James Webb Space Telescope spots 1st ‘Einstein zig-zag’ — here’s why scientists are thrilled
Using the James Webb Space Telescope, astronomers have discovered the first “Einstein zig-zag,” an image of one quasar repeated six times in a single image. The arrangement was created thanks to an effect first proposed by Albert Einstein in 1915 called “gravitational lensing,” and it could help scientists avert a crisis in cosmology.
This system, designated J1721+8842, is comprised of a quasar — which is an extremely luminous galactic core — lensed by two widely separated, but perfectly aligned, galaxies. Not only is this sighting incredibly rare, marking a fascinating example of a curious spacetime-bending phenomenon introduced in Albert Einstein’s magnum opus theory of gravity, general relativity, but the J1721+8842 zig-zag also has a power that standard gravitational lenses don’t.

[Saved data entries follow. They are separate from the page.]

(* Let $\mathbb{F}$ be an algebraically closed field with $\mathrm{Char}(\mathbb{F})\ne2$, and let $s,t,z\in\mathbb{F}$ be nonzero with $s^2\neq1$, $t^2\ne1$, $s+t\neq0$, $z\neq1$. Put $\tilde y_1=tz+\frac{1-t^2}{s+t}$ and $\tilde y_2=-sz+\frac{1+st}{s+t}$. Then the pair $A=\begin{pmatrix}0&z&0\\1&0&1-z\\0&1&0\end{pmatrix}$, $A^*=\begin{pmatrix}0&\tilde y_1&0\\ s&0&\tilde y_2\\0&t&0\end{pmatrix}$ is a Leonard pair in $\mathrm{Mat}_3(\mathbb{F})$, and it has a parameter array with $\theta_0=1,\theta_1=0,\theta_2=-1$, $\theta^*_0=1,\theta^*_1=0,\theta^*_2=-1$, $\varphi_1=\varphi_2=\frac{(s-1)(t-1)}{s+t}$, $\phi_1=\phi_2=\frac{(s+1)(t+1)}{s+t}$.
   Context: A Leonard pair in $\mathrm{Mat}_{d+1}(\mathbb{F})$ is a pair of matrices $A,A^*$ such that there is a basis of $\mathbb{F}^{d+1}$ in which $A$ is irreducible tridiagonal (tridiagonal with all sub/superdiagonal entries nonzero) and $A^*$ diagonal, and a basis in which $A^*$ is irreducible tridiagonal and $A$ diagonal. A Leonard system is $(A,\{E_i\}_{i=0}^d,A^*,\{E^*_i\}_{i=0}^d)$ where $A,A^*$ each have $d+1$ distinct eigenvalues, $\{E_i\},\{E^*_i\}$ are orderings of their primitive idempotents, and $E_iA^*E_j,E^*_iAE^*_j$ are $0$ for $|i-j|>1$ and nonzero for $|i-j|=1$. Eigenvalue sequences: $AE_i=\theta_iE_i$, $A^*E^*_i=\theta^*_iE^*_i$. First split sequence: for nonzero $v\in E^*_0V$, $u_i=(A-\theta_{i-1}I)\cdots(A-\theta_0I)v$ form a basis in which $A^*$ is upper bidiagonal with diagonal $\theta^*_0,\dots,\theta^*_d$ and superdiagonal $\varphi_1,\dots,\varphi_d$. Second split sequence $\{\phi_i\}$: first split sequence of $(A,\{E_{d-i}\},A^*,\{E^*_i\})$. Parameter array $(\{\theta_i\},\{\theta^*_i\},\{\varphi_i\},\{\phi_i\})$; a parameter array of a Leonard pair is that of any associated Leonard system. *)

theory Defs
  imports "Jordan_Normal_Form.Determinant" "HOL-Computational_Algebra.Polynomial"
begin

definition irred_tridiag :: "nat \<Rightarrow> 'a::field mat \<Rightarrow> bool" where
  "irred_tridiag n B \<longleftrightarrow> B \<in> carrier_mat n n \<and>
     (\<forall>i<n. \<forall>j<n. (i + 1 < j \<or> j + 1 < i) \<longrightarrow> B $$ (i,j) = 0) \<and>
     (\<forall>i. i + 1 < n \<longrightarrow> B $$ (i+1,i) \<noteq> 0 \<and> B $$ (i,i+1) \<noteq> 0)"

definition diag_matrix :: "nat \<Rightarrow> 'a::field mat \<Rightarrow> bool" where
  "diag_matrix n B \<longleftrightarrow> B \<in> carrier_mat n n \<and> (\<forall>i<n. \<forall>j<n. i \<noteq> j \<longrightarrow> B $$ (i,j) = 0)"

(* The matrix of a linear map X w.r.t. the basis given by the columns of an invertible P
   is P^{-1} X P; we write this as X * P = P * B. *)
definition leonard_pair :: "nat \<Rightarrow> 'a::field mat \<Rightarrow> 'a mat \<Rightarrow> bool" where
  "leonard_pair d A As \<longleftrightarrow> A \<in> carrier_mat (d+1) (d+1) \<and> As \<in> carrier_mat (d+1) (d+1) \<and>
     (\<exists>P B Bs. P \<in> carrier_mat (d+1) (d+1) \<and> det P \<noteq> 0 \<and>
        A * P = P * B \<and> As * P = P * Bs \<and> irred_tridiag (d+1) B \<and> diag_matrix (d+1) Bs) \<and>
     (\<exists>P B Bs. P \<in> carrier_mat (d+1) (d+1) \<and> det P \<noteq> 0 \<and>
        A * P = P * B \<and> As * P = P * Bs \<and> diag_matrix (d+1) B \<and> irred_tridiag (d+1) Bs)"

fun msum :: "nat \<Rightarrow> (nat \<Rightarrow> 'a::field mat) \<Rightarrow> nat \<Rightarrow> 'a mat" where
  "msum n E 0 = 0\<^sub>m n n"
| "msum n E (Suc k) = E k + msum n E k"

(* E 0..E d is an ordering of the primitive idempotents of A, with A E_i = th_i E_i,
   and A has d+1 distinct eigenvalues th 0..th d (spectral decomposition). *)
definition prim_idem_seq :: "nat \<Rightarrow> 'a::field mat \<Rightarrow> (nat \<Rightarrow> 'a mat) \<Rightarrow> (nat \<Rightarrow> 'a) \<Rightarrow> bool" where
  "prim_idem_seq d A E th \<longleftrightarrow> A \<in> carrier_mat (d+1) (d+1) \<and> inj_on th {..d} \<and>
     (\<forall>i\<le>d. E i \<in> carrier_mat (d+1) (d+1) \<and> E i \<noteq> 0\<^sub>m (d+1) (d+1) \<and> A * E i = th i \<cdot>\<^sub>m E i) \<and>
     (\<forall>i\<le>d. \<forall>j\<le>d. E i * E j = (if i = j then E i else 0\<^sub>m (d+1) (d+1))) \<and>
     msum (d+1) E (d+1) = 1\<^sub>m (d+1)"

definition leonard_system ::
  "nat \<Rightarrow> 'a::field mat \<Rightarrow> (nat \<Rightarrow> 'a mat) \<Rightarrow> 'a mat \<Rightarrow> (nat \<Rightarrow> 'a mat)
     \<Rightarrow> (nat \<Rightarrow> 'a) \<Rightarrow> (nat \<Rightarrow> 'a) \<Rightarrow> bool" where
  "leonard_system d A E As Es th ths \<longleftrightarrow>
     prim_idem_seq d A E th \<and> prim_idem_seq d As Es ths \<and>
     (\<forall>i\<le>d. \<forall>j\<le>d. (i + 1 < j \<or> j + 1 < i) \<longrightarrow>
        E i * As * E j = 0\<^sub>m (d+1) (d+1) \<and> Es i * A * Es j = 0\<^sub>m (d+1) (d+1)) \<and>
     (\<forall>i\<le>d. \<forall>j\<le>d. (i + 1 = j \<or> j + 1 = i) \<longrightarrow>
        E i * As * E j \<noteq> 0\<^sub>m (d+1) (d+1) \<and> Es i * A * Es j \<noteq> 0\<^sub>m (d+1) (d+1))"

fun split_vec :: "nat \<Rightarrow> 'a::field mat \<Rightarrow> (nat \<Rightarrow> 'a) \<Rightarrow> 'a vec \<Rightarrow> nat \<Rightarrow> 'a vec" where
  "split_vec n A th v 0 = v"
| "split_vec n A th v (Suc i) = (A - th i \<cdot>\<^sub>m 1\<^sub>m n) *\<^sub>v split_vec n A th v i"
lemma convex_subset_closed_if_measure_le:
  fixes S T :: "'a::euclidean_space set"
  assumes S: "convex S" "interior S \<noteq> {}" "S \<in> lmeasurable"
    and T: "closed T" "T \<subseteq> S" and le: "measure lebesgue S \<le> measure lebesgue T"
  shows "S \<subseteq> T"
proof -
  have "T \<in> sets lebesgue"
    using T(1) by (simp add: borel_closed sets_completionI_sets)
  then have "measure lebesgue (S - T) = 0"
    using measurable_measure_Diff[OF S(3) _ T(2)] le measure_mono_fmeasurable[OF T(2) _ S(3)] by simp
  then have "negligible (S - T)"
    using S(3) \<open>T \<in> sets lebesgue\<close> by (simp add: negligible_iff_measure0 fmeasurable_Diff)
  then have "negligible (interior S - T)"
    by (rule negligible_subset) (use interior_subset in blast)
  then have "interior S \<subseteq> T"
    using open_not_negligible[of "interior S - T"] T(1) by (auto simp: open_Diff)
  then have "closure (interior S) \<subseteq> T"
    using T(1) by (rule closure_minimal)
  then show ?thesis
    using convex_closure_interior[OF S(1,2)] closure_subset by blast
qed

lemma convex_body_minkowski_sum:
  assumes X: "convex_body X" and Y: "convex_body Y"
  shows "convex_body (minkowski_sum X Y)"
proof -
  have "minkowski_sum X Y = (\<Union>x\<in>X. \<Union>y\<in>Y. {x + y})"
    unfolding minkowski_sum_def by blast
  then have convex: "convex (minkowski_sum X Y)"
    using X Y by (simp add: convex_body_def convex_sums)
  have compact: "compact (minkowski_sum X Y)"
    using X Y compact_sums[of X Y] unfolding convex_body_def minkowski_sum_def by blast
  obtain x y where x: "x \<in> interior X" and y: "y \<in> Y"
    using X Y interior_subset by (fastforce simp: convex_body_def)
  have "(\<lambda>z. z + y) ` interior X \<subseteq> minkowski_sum X Y"
    using y interior_subset unfolding minkowski_sum_def by blast
  moreover have "open ((\<lambda>z. z + y) ` interior X)"
    using open_translation[of "interior X" y] by (simp add: add.commute)
  ultimately have "x + y \<in> interior (minkowski_sum X Y)"
    using x by (meson image_eqI interior_maximal subsetD)
  with convex compact show ?thesis
    unfolding convex_body_def by blast
qed

section \<open>Homotheties and vertical stretchings\<close>

lemma convex_body_homothetic_image:
  assumes X: "convex_body X" and c: "c > 0"
  shows "convex_body ((\<lambda>z. c *\<^sub>R z + t) ` X)"
proof -
  have img: "(\<lambda>z. c *\<^sub>R z + t) ` S = (\<lambda>z. t + c *\<^sub>R z) ` S" for S :: "(real \<times> real) set"
    by (simp add: add.commute)
  have "compact ((\<lambda>z. c *\<^sub>R z + t) ` X)"
    using X by (intro compact_continuous_image continuous_intros) (simp add: convex_body_def)
  moreover have "convex ((\<lambda>z. c *\<^sub>R z + t) ` X)"
    using X unfolding img by (simp add: convex_body_def convex_affinity)
  moreover have "interior ((\<lambda>z. c *\<^sub>R z + t) ` X) \<noteq> {}"
  proof -
    have "open ((\<lambda>z. c *\<^sub>R z + t) ` interior X)"
      unfolding img using c by (intro open_affinity) auto
    then have "(\<lambda>z. c *\<^sub>R z + t) ` interior X \<subseteq> interior ((\<lambda>z. c *\<^sub>R z + t) ` X)"
      by (intro interior_maximal image_mono interior_subset)
    then show ?thesis
      using X by (auto simp: convex_body_def)
  qed
  ultimately show ?thesis
    by (simp add: convex_body_def)
qed

lemma homothetic_sym: "homothetic X Y \<Longrightarrow> homothetic Y X"
proof -
  assume "homothetic X Y"
  then obtain c t where c: "c > 0" and Y: "Y = (\<lambda>z. c *\<^sub>R z + t) ` X"
    by (auto simp: homothetic_def)
  then have "X = (\<lambda>z. (1 / c) *\<^sub>R z + (- (1 / c) *\<^sub>R t)) ` Y"
    by (simp add: image_image algebra_simps)
  with c show "homothetic Y X"
    unfolding homothetic_def by (metis divide_pos_pos zero_less_one)
qed

lemma homothetic_image_region_between:
  fixes f g :: "real \<Rightarrow> real"
  assumes c: "c > 0"
  shows "(\<lambda>z. c *\<^sub>R z + (t1, t2)) ` region_between I f g =
    region_between ((\<lambda>x. c * x + t1) ` I) (\<lambda>x. c * f ((x - t1) / c) + t2) (\<lambda>x. c * g ((x - t1) / c) + t2)"
proof (intro set_eqI iffI)
  fix p
  assume "p \<in> (\<lambda>z. c *\<^sub>R z + (t1, t2)) ` region_between I f g"
  then show "p \<in> region_between ((\<lambda>x. c * x + t1) ` I) (\<lambda>x. c * f ((x - t1) / c) + t2) (\<lambda>x. c * g ((x - t1) / c) + t2)"
    using c by (auto simp: region_between_def)
next
  fix p
  assume p: "p \<in> region_between ((\<lambda>x. c * x + t1) ` I) (\<lambda>x. c * f ((x - t1) / c) + t2) (\<lambda>x. c * g ((x - t1) / c) + t2)"
  obtain x y where "p = (x, y)"
    by fastforce
  with p c have "((x - t1) / c, (y - t2) / c) \<in> region_between I f g"
    by (auto simp: region_between_def pos_le_divide_eq pos_divide_le_eq mult.commute)
  moreover have "p = c *\<^sub>R ((x - t1) / c, (y - t2) / c) + (t1, t2)"
    using \<open>p = (x, y)\<close> c by simp
  ultimately show "p \<in> (\<lambda>z. c *\<^sub>R z + (t1, t2)) ` region_between I f g"
    by blast
qed

lemma vertical_stretching_eq_region_between:
  "vertical_stretching X h = region_between (fst ` X) (lower_fun X) (\<lambda>x. upper_fun X x + h)"
  by (simp add: vertical_stretching_def region_between_def)

lemma region_between_eq_vertical_stretching:
  fixes f g :: "real \<Rightarrow> real"
  assumes X: "convex_body X" and h: "h \<ge> 0" and le: "\<forall>x\<in>I. f x \<le> g x"
    and eq: "region_between I f g = vertical_stretching X h"
  shows "X = region_between I f (\<lambda>x. g x - h)" "\<forall>x\<in>I. f x \<le> g x - h"
proof -
  have X': "convex X" "compact X"
    using X by (auto simp: convex_body_def)
  have bounds: "\<forall>x\<in>fst ` X. lower_fun X x \<le> upper_fun X x"
    using order_trans[OF lower_fun_le[OF X'(2)] le_upper_fun[OF X'(2)]] by force
  then have I: "I = fst ` X" and fg: "\<forall>x\<in>I. f x = lower_fun X x \<and> g x = upper_fun X x + h"
    using eq le h unfolding vertical_stretching_eq_region_between
    by (subst (asm) region_between_eq_iff; auto)+
  show "\<forall>x\<in>I. f x \<le> g x - h"
    using I fg bounds by auto
  have "X = region_between (fst ` X) (lower_fun X) (upper_fun X)"
    by (rule convex_compact_eq_region_between[OF X'])
  also have "\<dots> = region_between I f (\<lambda>x. g x - h)"
    using I fg by (intro region_between_cong) auto
  finally show "X = region_between I f (\<lambda>x. g x - h)" .
qed

lemma homothetic_regions_between_imp_shifts:
  fixes f g f' g' :: "real \<Rightarrow> real"
  assumes mn: "m > 0" "n > 0" and le: "\<forall>x\<in>{0..m}. f x \<le> g x" "\<forall>y\<in>{0..n}. f' y \<le> g' y"
    and hom: "homothetic (region_between {0..m} f g) (region_between {0..n} f' g')"
  shows "\<exists>t. \<forall>x\<in>{0..m}. f' (n / m * x) = n / m * f x + t \<and> g' (n / m * x) = n / m * g x + t"
proof -
  obtain c t1 t2 where c: "c > 0"
    and eq: "region_between {0..n} f' g' = (\<lambda>z. c *\<^sub>R z + (t1, t2)) ` region_between {0..m} f g"
    using hom by (auto simp: homothetic_def)
  have img: "(\<lambda>x. c * x + t1) ` {0..m} = {t1..c * m + t1}"
    using mn c by (simp add: image_affinity_atLeastAtMost)
  have "(x - t1) / c \<in> {0..m}" if "x \<in> {t1..c * m + t1}" for x
    using that c by (auto simp: pos_divide_le_eq mult.commute)
  then have "\<forall>x\<in>{t1..c * m + t1}. c * f ((x - t1) / c) + t2 \<le> c * g ((x - t1) / c) + t2"
    using le(1) c by simp
  then have "{0..n} = {t1..c * m + t1}"
    and shifts: "\<forall>y\<in>{0..n}. f' y = c * f ((y - t1) / c) + t2 \<and> g' y = c * g ((y - t1) / c) + t2"
    using eq le(2) unfolding homothetic_image_region_between[OF c] img
    by (subst (asm) region_between_eq_iff; auto)+
  then have "t1 = 0" "c = n / m"
    using mn by (auto simp: field_simps)
  show ?thesis
  proof (intro exI ballI)
    fix x assume "x \<in> {0..m}"
    then have "n / m * x \<in> {0..n}"
      using mn by (intro scaled_mem_Icc) auto
    then show "f' (n / m * x) = n / m * f x + t2 \<and> g' (n / m * x) = n / m * g x + t2"
      using shifts \<open>t1 = 0\<close> \<open>c = n / m\<close> mn by auto
  qed
qed

lemma stretched_homothetic_imp_homothetic_graphs:
  fixes uA vA uB vB :: "real \<Rightarrow> real"
  assumes mn: "m > 0" "n > 0" and le: "\<forall>x\<in>{0..m}. uA x \<le> vA x" "\<forall>y\<in>{0..n}. uB y \<le> vB y"
    and bodies: "convex_body A'" "convex_body B'" and hom: "homothetic A' B'"
    and stretch: "is_vertical_stretching_of (region_between {0..m} uA vA) A'"
      "is_vertical_stretching_of (region_between {0..n} uB vB) B'"
  shows "homothetic_graphs m n vA vB \<and> homothetic_graphs m n (\<lambda>x. - uA x) (\<lambda>x. - uB x)"
proof -
  obtain h k where h: "h \<ge> 0" "region_between {0..m} uA vA = vertical_stretching A' h"
    and k: "k \<ge> 0" "region_between {0..n} uB vB = vertical_stretching B' k"
    using stretch by (auto simp: is_vertical_stretching_of_def)
  note A' = region_between_eq_vertical_stretching[OF bodies(1) h(1) le(1) h(2)]
  note B' = region_between_eq_vertical_stretching[OF bodies(2) k(1) le(2) k(2)]
  obtain t where "\<forall>x\<in>{0..m}. uB (n / m * x) = n / m * uA x + t \<and> vB (n / m * x) - k = n / m * (vA x - h) + t"
    using homothetic_regions_between_imp_shifts[OF mn A'(2) B'(2)] hom unfolding A'(1) B'(1) by blast
  then have "\<forall>x\<in>{0..m}. vB (n / m * x) = n / m * vA x + (t + k - n / m * h)"
      "\<forall>x\<in>{0..m}. - uB (n / m * x) = n / m * (- uA x) + (- t)"
    by (auto simp: algebra_simps)
  then show ?thesis
    unfolding homothetic_graphs_def by blast
qed

lemma shift_relation_inverse:
  fixes f g :: "real \<Rightarrow> real"
  assumes mn: "m > 0" "n > 0" and rel: "\<forall>x\<in>{0..m}. g (n / m * x) = n / m * f x + k" and y: "y \<in> {0..n}"
  shows "g y = n / m * f (m / n * y) + k"
proof -
  have "m / n * y \<in> {0..m}"
    using y mn scaled_mem_Icc[of m n y] by auto
  then have "g (n / m * (m / n * y)) = n / m * f (m / n * y) + k"
    using rel by blast
  then show ?thesis
    using mn by simp
qed

lemma shift_relation_swap:
  fixes f g :: "real \<Rightarrow> real"
  assumes "m > 0" "n > 0" "\<forall>x\<in>{0..m}. g (n / m * x) = n / m * f x + k"
  shows "\<forall>y\<in>{0..n}. f (m / n * y) = m / n * g y + (- (m / n) * k)"
  using shift_relation_inverse[OF assms] assms(1,2) by (simp add: field_simps)

lemma homothetic_image_region_between_shift:
  fixes uA vA uB vB :: "real \<Rightarrow> real"
  assumes mn: "m > 0" "n > 0" and le: "\<forall>x\<in>{0..m}. uA x \<le> vA x"
    and upper: "\<forall>x\<in>{0..m}. vB (n / m * x) = n / m * vA x + k1"
    and lower: "\<forall>x\<in>{0..m}. uB (n / m * x) = n / m * uA x + k2"
  shows "(\<lambda>z. (n / m) *\<^sub>R z + (0, k2)) ` region_between {0..m} uA vA =
      region_between {0..n} uB (\<lambda>y. vB y - (k1 - k2))"
    and "\<forall>y\<in>{0..n}. uB y \<le> vB y - (k1 - k2)"
proof -
  note repr = shift_relation_inverse[OF mn upper] shift_relation_inverse[OF mn lower]
  show "(\<lambda>z. (n / m) *\<^sub>R z + (0, k2)) ` region_between {0..m} uA vA =
      region_between {0..n} uB (\<lambda>y. vB y - (k1 - k2))"
    unfolding homothetic_image_region_between[OF divide_pos_pos[OF mn(2,1)]]
  proof (rule region_between_cong)
    show "(\<lambda>x. n / m * x + 0) ` {0..m} = {0..n}"
      using mn image_affinity_atLeastAtMost[of "n / m" 0 0 m] by simp
  qed (use repr mn in \<open>simp_all add: field_simps\<close>)
  show "\<forall>y\<in>{0..n}. uB y \<le> vB y - (k1 - k2)"
  proof
    fix y assume y: "y \<in> {0..n}"
    have "n / m * uA (m / n * y) \<le> n / m * vA (m / n * y)"
      using le y mn scaled_mem_Icc[of m n y] by (intro mult_left_mono) auto
    then show "uB y \<le> vB y - (k1 - k2)"
      using repr y by simp
  qed
qed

The first Einstein zig-zag seen by humanity could help scientists tackle two of cosmology’s greatest mysteries. The first mystery concerns is the nature of dark energy, or the force driving the accelerating expansion of the universe that accounts for around 70% of the cosmic energy and matter budget, and the second has to do with a disparity scientists find when measuring the value of the speed of the universe’s expansion: the Hubble constant.
“I am thrilled, not only because this is a fascinating natural phenomenon but also because this system is incredibly promising for measuring cosmological parameters,” Martin Millon, discovery team member and a Stanford University cosmologist, told Space.com. “This lens system offers the potential to place stringent constraints on both the Hubble constant and the dark energy equation of state, something that is generally not possible”
What is a gravitational lens anyway?
General relativity states that objects with mass cause a curvature in the very fabric of space and time, united as a single entity called “spacetime.” The greater the mass of an object, the greater the “dent” it causes in spacetime. As gravity arises from this curvature, the more mass an object has, the larger its gravitational influence.
Gravitational lensing occurs when light from a background source travels past a massive lensing body on its way to Earth, and therefore follows the resulting curvature in space, causing its own path to curve. The light from this background source thus takes different paths around a gravitational lens, approaching the lensing mass at varying distances being curved in different amounts. This means this light from the same background source can arrive at different times to the same telescope.
As a result, a single background light-emitting body can appear at multiple places in a single image. These objects can form arrangements like Einstein rings, Einstein crosses, and, in this currently unique case, an Einstein zig-zag.
The JWST wasn’t actually the first telescope to spot J1721+8842. The lensed quasar, which is more specifically composed of brightly glowing gas and dust around a feeding supermassive black hole, was spotted by Cameron Lemon in 2017 using the Panoramic Survey Telescope and Rapid Response System (Pan-STARRS) located at Haleakala Observatory in Hawaii.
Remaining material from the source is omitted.